All spark applications use a spark session with the same configuration:

import org.apache.spark.sql.SparkSession

val spark: SparkSession = SparkSession.builder()
  .master("local[*]")
  .appName("delta-stream-read")
  .config("spark.ui.enabled", "false")
  .config("spark.driver.host", "localhost")
  .config("spark.sql.shuffle.partitions", "1")
  .config("spark.default.parallelism", "1")
  .getOrCreate()

Also, all Spark applications read the input data with the same method:

import org.apache.spark.sql.types.{IntegerType, StructField, StructType}
import org.apache.spark.sql.DataFrame

val schema: StructType = StructType(Seq(
  StructField("id", IntegerType),
  StructField("value1", IntegerType),
  StructField("value2", IntegerType),
  StructField("value3", IntegerType),
  StructField("value4", IntegerType),
  StructField("value5", IntegerType),
  StructField("value6", IntegerType),
  StructField("value7", IntegerType),
  StructField("value8", IntegerType),
  StructField("value9", IntegerType),
  StructField("value10", IntegerType)
))

def read(path: String): DataFrame = spark.read.format("csv")
  .schema(schema)
  .load(path)
  .select("value1", "value2", "value3", "value4", "value5", "value6", "value7", "value8", "value9", "value10")

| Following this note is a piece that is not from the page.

(* Let $\varepsilon>0$, $k_1,k_2\in(0,\infty)$, $\alpha=\frac{k_1-1}{k_1+1}$, $\beta=\frac{k_2-1}{k_2+1}$, and let $\mathcal{G}(x,y)$ be defined as below. Then: (i) for $y\in\mathcal{B}_0$: $x\mapsto\mathcal{G}(x,y)$ is harmonic in $\mathcal{B}_1\cup\mathcal{B}_2$ and $x\mapsto\mathcal{G}(x,y)-\log|x-y|$ is harmonic in $\mathcal{B}_0$; (ii) for $y\in\mathcal{B}_1$: $x\mapsto\mathcal{G}(x,y)$ is harmonic in $\mathcal{B}_0\cup\mathcal{B}_2$ and $x\mapsto\mathcal{G}(x,y)-\frac1{k_1}\log|x-y|$ is harmonic in $\mathcal{B}_1\setminus\{(1+\varepsilon/2,0)\}$; (iii) for $y\in\mathcal{B}_2$: $x\mapsto\mathcal{G}(x,y)$ is harmonic in $\mathcal{B}_0\cup\mathcal{B}_1$ and $x\mapsto\mathcal{G}(x,y)-\frac1{k_2}\log|x-y|$ is harmonic in $\mathcal{B}_2\setminus\{(-1-\varepsilon/2,0)\}$. Moreover, in each case, $\mathcal{G}(\cdot,y)$ and $a(x)\partial_\nu\mathcal{G}(\cdot,y)$ are continuous across $\partial\mathcal{B}_1\cup\partial\mathcal{B}_2$, i.e. their one-sided limits from $\mathcal{B}_0$ and from $\mathcal{B}_j$ agree on $\partial\mathcal{B}_j$, $j=1,2$, where $\nu$ is the unit normal to $\partial(\mathcal{B}_1\cup\mathcal{B}_2)$ and $a=k_1\chi_{\mathcal{B}_1}+k_2\chi_{\mathcal{B}_2}+\chi_{\mathcal{B}_0}$. (In the paper's normalization $\Delta_x\log|x-y|=\delta(x-y)$, this says $a(x)\Delta_x\mathcal{G}(x,y)=\delta(x-y)$ away from the interfaces and the excluded points, together with the transmission conditions.)
   Context: $\mathcal{B}_1=B_1(1+\varepsilon/2,0)$, $\mathcal{B}_2=B_1(-1-\varepsilon/2,0)$, $\mathcal{B}_0=\mathbb{R}^2\setminus\overline{\mathcal{B}_1\cup\mathcal{B}_2}$. $\Phi_1,\Phi_2$ are the inversions in the circles $\partial\mathcal{B}_1,\partial\mathcal{B}_2$: identifying $x$ with $z=x_1+ix_2$ and setting $a_0=1+\varepsilon/2$, $\Phi_1(z)=\frac{1}{\bar z-a_0}+a_0$, $\Phi_2(z)=\frac{1}{\bar z+a_0}-a_0$. Compositions are written by juxtaposition, e.g. $(\Phi_1\Phi_2)^l=(\Phi_1\circ\Phi_2)^{\circ l}$, with the $0$-th power the identity. Write $L(p)=\log|p-y|$. The function $\mathcal{G}$ is defined by: (1) For $y\in\mathcal{B}_0$: for $x\in\overline{\mathcal{B}}_1$, $\mathcal{G}=\frac{2}{k_1+1}\sum_{l\ge0}(\alpha\beta)^l\big(L((\Phi_1\Phi_2)^l x)-\beta L((\Phi_2\Phi_1)^l\Phi_2x)\big)$; for $x\in\mathcal{B}_0$, $\mathcal{G}=L(x)+\sum_{l\ge1}\big[(\alpha\beta)^l\big(L((\Phi_1\Phi_2)^lx)+L((\Phi_2\Phi_1)^lx)\big)-(\alpha\beta)^{l-1}\big(\beta L((\Phi_2\Phi_1)^{l-1}\Phi_2x)+\alpha L((\Phi_1\Phi_2)^{l-1}\Phi_1x)\big)\big]$; for $x\in\overline{\mathcal{B}}_2$, $\mathcal{G}=\frac{2}{k_2+1}\sum_{l\ge0}(\alpha\beta)^l\big(L((\Phi_2\Phi_1)^lx)-\alpha L((\Phi_1\Phi_2)^l\Phi_1x)\big)$. (2) For $y\in\mathcal{B}_1$: for $x\in\overline{\mathcal{B}}_1\setminus\{(1+\varepsilon/2,0)\}$, $\mathcal{G}=\frac1{k_1}\big(L(x)+\alpha L(\Phi_1x)\big)-\frac{4\beta}{(k_1+1)^2}\sum_{l\ge0}(\alpha\beta)^lL((\Phi_2\Phi_1)^l\Phi_2x)$; for $x\in\mathcal{B}_0$, $\mathcal{G}=\frac{2}{k_1+1}\sum_{l\ge0}(\alpha\beta)^l\big(L((\Phi_2\Phi_1)^lx)-\beta L((\Phi_2\Phi_1)^l\Phi_2x)\big)$; for $x\in\overline{\mathcal{B}}_2$, $\mathcal{G}=\frac{4}{(k_1+1)(k_2+1)}\sum_{l\ge0}(\alpha\beta)^lL((\Phi_2\Phi_1)^lx)$. (3) For $y\in\mathcal{B}_2$: for $x\in\overline{\mathcal{B}}_1$, $\mathcal{G}=\frac{4}{(k_1+1)(k_2+1)}\sum_{l\ge0}(\alpha\beta)^lL((\Phi_1\Phi_2)^lx)$; for $x\in\mathcal{B}_0$, $\mathcal{G}=\frac{2}{k_2+1}\sum_{l\ge0}(\alpha\beta)^l\big(L((\Phi_1\Phi_2)^lx)-\alpha L((\Phi_1\Phi_2)^l\Phi_1x)\big)$; for $x\in\overline{\mathcal{B}}_2\setminus\{(-1-\varepsilon/2,0)\}$, $\mathcal{G}=\frac1{k_2}\big(L(x)+\beta L(\Phi_2x)\big)-\frac{4\alpha}{(k_2+1)^2}\sum_{l\ge0}(\alpha\beta)^lL((\Phi_1\Phi_2)^l\Phi_1x)$. *)

theory Defs
  imports "HOL-Analysis.Analysis"
begin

First application : no deserialization

First application does not deserialize data and uses spark built-in functions to replace null value by default value:

for (i <- 1 to 20) {
  spark.time(
    read("/tmp/bigfile.csv")
      .na.fill(0, Seq("value5"))
      .select("value5")
      .write
      .mode("overwrite")
      .parquet("/tmp/notSerialized")
  )
}

Second application : deserialization to a nullable type

Second application deserializes columns to java.lang.Integer and uses scala code to replace null value by default value:

import spark.implicits._

val zero: Integer = Integer.valueOf(0)

for (i <- 1 to 20) {
  spark.time(
    read("/tmp/bigfile.csv")
      .as[(Integer, Integer, Integer, Integer, Integer, Integer, Integer, Integer, Integer, Integer)]
      .map(value => if (value._5 == null) zero else value._5)
      .write
      .mode("overwrite")
      .parquet("/tmp/serializedToInteger")
  )
}

Third application: deserialization to an Option

Third application deserializes columns to Option[Int] and uses scala code to replace None value by default value:

import spark.implicits._

for (i <- 1 to 20) {
  spark.time(
    read("/tmp/bigfile.csv")
      .as[(Option[Int], Option[Int], Option[Int], Option[Int], Option[Int], Option[Int], Option[Int], Option[Int], Option[Int], Option[Int])]
      .map(_._5.getOrElse(0))
      .write
      .mode("overwrite")
      .parquet("/tmp/serializedToOption")
  )
}

Run

I ran each application 20 times on my local machine using Spark version 3.0.1, and I get the following results. All the times in table below are in seconds

application min max average median

without deserialization

28.608

32.363

29.933

29.709

nullable deserialization

43.665

47.773

46.300

46.694

option deserialization

45.076

50.377

47.194

46.702

Analysis

Run times are very similar between deserialization to nullable type and deserialization to option, with deserialization to nullable type is slightly better than deserialization to option type. Application without deserialization is of course way faster than the two applications with deserialization.

Conclusion

Changing deserialization types from option to nullable types doesn’t significantly improve the performance of Spark application. The best way to improve performance is to not deserialize and use spark’s built-in functions to transform a dataframe.